André Almeida
February 08, 2022
Reading time:
Over the past 18 months, we have been on a roller-coaster ride developing futex2, a new set of system calls. As part of this prolonged effort, the futex_waitv() syscall has now successfully landed in Linux 5.16.
A followup of the initial futex syscall, this new interface aims to overcome long term issues that have been limiting the way applications use the Linux kernel. But what exactly is futex? This series of blog posts will help answer that and other questions around this tricky function.
If you've ever run strace
in a multithread program, chances are that the trace was filled with futex()
calls. If you are a Linux gamer trying to increase the performance of your setup, you have probably heard of futex as well.
Read on as I take a deep dive into this important system call and how it is used to process synchronization functions.
Before getting into futex, we need to know which problem it solves: race condition. Since the arrival of multitasking operating systems, different tasks can now work at the same time and compete for the same resources. Using the same data at the same moment can lead to serious bugs as we will see next.
Imagine that your bank has a multithreading software to manage your account running in a single core, but failed to correctly use synchronization mechanisms. Let's say that you have 500 moneys in the bank. You want to withdraw 300 moneys and at the same time your friend wants to send you 200 moneys. Then, in the fast multithread bank system, this happens:
aux = account_balance // 500 aux += receive_money // 500 + 200 account_balance = aux // 700
aux = account_balance // 700 aux -= withdraw_money // 700 - 300 account_balance = aux // 400
All good! Everything went as expected. The kernel can order the threads in different manners. In this case, if Thread 2 went before Thread 1 the final result would be the same anyway:
aux = account_balance // 500 aux -= withdraw_money // 500 - 300 account_balance = aux // 200
aux = account_balance // 200 aux += receive_money // 200 + 200 account_balance = aux // 400
However, the scheduler preemption can interleave the execution of both threads, resulting in something like this:
aux = account_balance // 500 aux += receive_money // 500 + 200
aux = account_balance // 500 aux -= withdraw_money // 500 - 300 account_balance = aux // 200
account_balance = aux // 700
Given that both threads were sharing the same resource (account_balance
) and aren't using synchronization mechanisms, they failed to keep data consistence. Thread 2 writes 200 to account_balance
, but just after Thread 1 overwrites it with 700.
If we were in a multiprocessor machine, this issue would be even worse given that these threads can run in concurrency.

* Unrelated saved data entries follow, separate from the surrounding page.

lemma Li2_reflection:
  fixes x :: real
  assumes "0 < x" "x < 1"
  shows "Li2 x + Li2 (1 - x) + ln x * ln (1 - x) = pi\<^sup>2 / 6"
proof -
  define F where "F y = Li2 y + Li2 (1 - y) + ln y * ln (1 - y)" for y :: real
  have "(F has_real_derivative 0) (at y within {0<..<1})" if "y \<in> {0<..<1}" for y
  proof -
    from that have y: "0 < y" "y < 1" by auto
    have "(Li2 has_real_derivative - ln (1 - y) / y) (at y)"
      using y by (intro has_real_derivative_Li2) auto
    moreover have "((\<lambda>y. Li2 (1 - y)) has_real_derivative - ln y / (1 - y) * (- 1)) (at y)"
      using DERIV_chain2[OF has_real_derivative_Li2[of "1 - y"] DERIV_diff[OF DERIV_const DERIV_ident]] y
      by simp
    moreover have "((\<lambda>y. ln y * ln (1 - y)) has_real_derivative 1 / y * ln (1 - y) + ln y * (- 1 / (1 - y))) (at y)"
      using y by (auto intro!: derivative_eq_intros)
    ultimately have "(F has_real_derivative 0) (at y)"
      unfolding F_def[abs_def] by (rule DERIV_add[OF DERIV_add, THEN DERIV_cong]) simp
    then show ?thesis by (rule has_field_derivative_at_within)
  qed
  then obtain c where c: "\<And>y. y \<in> {0<..<1} \<Longrightarrow> F y = c"
    using has_field_derivative_zero_constant[of "{0<..<1}" F] by auto
  have "(F \<longlongrightarrow> c) (at_right 0)"
    by (rule tendsto_eventually, rule eventually_at_rightI[of 0 1]) (auto simp: c)
  moreover have "(F \<longlongrightarrow> pi\<^sup>2 / 6) (at_right 0)"
    unfolding F_def[abs_def] by (rule tendsto_Li2_reflection_at_right_0)
  ultimately have "c = pi\<^sup>2 / 6"
    by (rule tendsto_unique[OF trivial_limit_at_right_real])
  then show ?thesis
    using c[of x] assms by (simp add: F_def)
qed

lemma Li2_half: "Li2 (1 / 2) = pi\<^sup>2 / 12 - (ln 2)\<^sup>2 / 2"
  using Li2_reflection[of "1 / 2"] by (simp add: ln_div power2_eq_square)

lemma has_integral_power_from_0:
  fixes x :: real
  assumes "0 \<le> x"
  shows "((\<lambda>y. y ^ n) has_integral x ^ Suc n / real (Suc n)) {0..x}"
proof -
  have "((\<lambda>y. y ^ n) has_integral x ^ Suc n / real (Suc n) - 0 ^ Suc n / real (Suc n)) {0..x}"
  proof (rule fundamental_theorem_of_calculus)
    fix y
    have "((\<lambda>y. y ^ Suc n / real (Suc n)) has_real_derivative real (Suc n) * y ^ n / real (Suc n))
        (at y within {0..x})"
      using DERIV_pow[of "Suc n" y] by (intro DERIV_cdivide) simp
    then show "((\<lambda>y. y ^ Suc n / real (Suc n)) has_vector_derivative y ^ n) (at y within {0..x})"
      by (simp add: has_real_derivative_iff_has_vector_derivative[symmetric] del: of_nat_Suc)
  qed (rule assms)
  then show ?thesis by simp
qed

lemma Ti2_sums:
  fixes x :: real
  assumes "0 \<le> x" "x < 1"
  shows "(\<lambda>k. (-1) ^ k * (x ^ (2 * k + 1) / (real (2 * k + 1))\<^sup>2)) sums Ti2 x"
proof -
  \<comment> \<open>\<open>arctan y / y\<close> is \<open>0\<close> at \<open>y = 0\<close> in HOL, but the power series equals \<open>1\<close> there;
      the single point does not change the integral.\<close>
  define g where "g y = (if y = 0 then 1 else arctan y / y)" for y :: real
  have "(\<lambda>k. integral {0..x} (\<lambda>y. (-1) ^ k / real (2 * k + 1) * y ^ (2 * k))) sums integral {0..x} g"
  proof (rule sums_integral_termwise[where M="\<lambda>k. x ^ (2 * k)"])
    show "(\<lambda>k. (-1) ^ k / real (2 * k + 1) * y ^ (2 * k)) sums g y" if "y \<in> {0..x}" for y
    proof (cases "y = 0")
      case True
      have "(\<lambda>k. (-1) ^ k / real (2 * k + 1) * y ^ (2 * k)) = (\<lambda>k. if k = 0 then 1 else 0)"
        using True by (auto simp: fun_eq_iff)
      then show ?thesis
        using sums_single[of 0 "\<lambda>_. 1::real"] True by (simp add: g_def)
    next
      case False
      have "\<bar>y\<bar> \<le> 1"
        using that assms by auto
      from sums_divide[OF arctan_sums[OF this], of y]
      show ?thesis
        using False by (simp add: g_def power_add mult.commute)
    qed
    show "norm ((-1) ^ k / real (2 * k + 1) * y ^ (2 * k)) \<le> x ^ (2 * k)" if "y \<in> {0..x}" for k y
    proof -
      have "y ^ (2 * k) / real (2 * k + 1) \<le> y ^ (2 * k) / 1"
        using that by (intro divide_left_mono) auto
      then have "norm ((-1) ^ k / real (2 * k + 1) * y ^ (2 * k)) \<le> y ^ (2 * k)"
        using that by (simp add: abs_mult)
      also have "\<dots> \<le> x ^ (2 * k)"
        using that by (intro power_mono) auto
      finally show ?thesis .
    qed
    show "summable (\<lambda>k. x ^ (2 * k))"
      using assms by (simp add: power_mult summable_geometric power_less_one_iff abs_square_less_1)
  qed (auto intro!: continuous_intros)
  moreover have "integral {0..x} (\<lambda>y. (-1) ^ k / real (2 * k + 1) * y ^ (2 * k))
      = (-1) ^ k * (x ^ (2 * k + 1) / (real (2 * k + 1))\<^sup>2)" for k
    using integral_unique[OF has_integral_power_from_0[OF assms(1), of "2 * k"]]
    by (simp add: power2_eq_square del: of_nat_Suc)
  moreover have "integral {0..x} g = Ti2 x"
    unfolding Ti2_def by (rule integral_spike[of "{0}"]) (auto simp: g_def)
  ultimately show ?thesis by simp
qed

But it's not that bad, right? You got more moneys! However, the opposite scheduling could happen as well, keeping you with only 200 moneys in the bank. So how do we solve this?
Mutex is a sync primitive that helps you make sure only one thread can access a critical section (hence the name, mutual exclusion).
Imagine that there's a room that can only be accessed by one person at a time. You get the key for the room, access it, and lock the door. When exiting, you leave the key for the next person. This is how a mutex works: you lock to use access the critical section and then unlock after using it. If when you want to lock it's already locked, then you need to patiently wait for another thread to open the door and give you the key.
In our bank example, the code could be fixed like this:
mutex_lock() aux = account_balance [...] account_balance = aux mutex_unlock()
This would then make any thread changing the account balance do so exclusively, without racing to other threads. Even if the thread gets scheduled with the lock, any other thread that tries to change the account_balance
would face the mutex_lock()
and would have to wait until someone calls mutex_unlock()
.
There are several other sync mechanisms out there, like spinlocks, semaphores and barriers, but in this article we are going to focus just on mutexes.
The goal of a mutex is to enable multiple threads to do their work, so ideally we should not impose high overheads with our mutexes. They should be super fast when the lock is not taken and ensure that tasks waiting to get the lock don't waste CPU time.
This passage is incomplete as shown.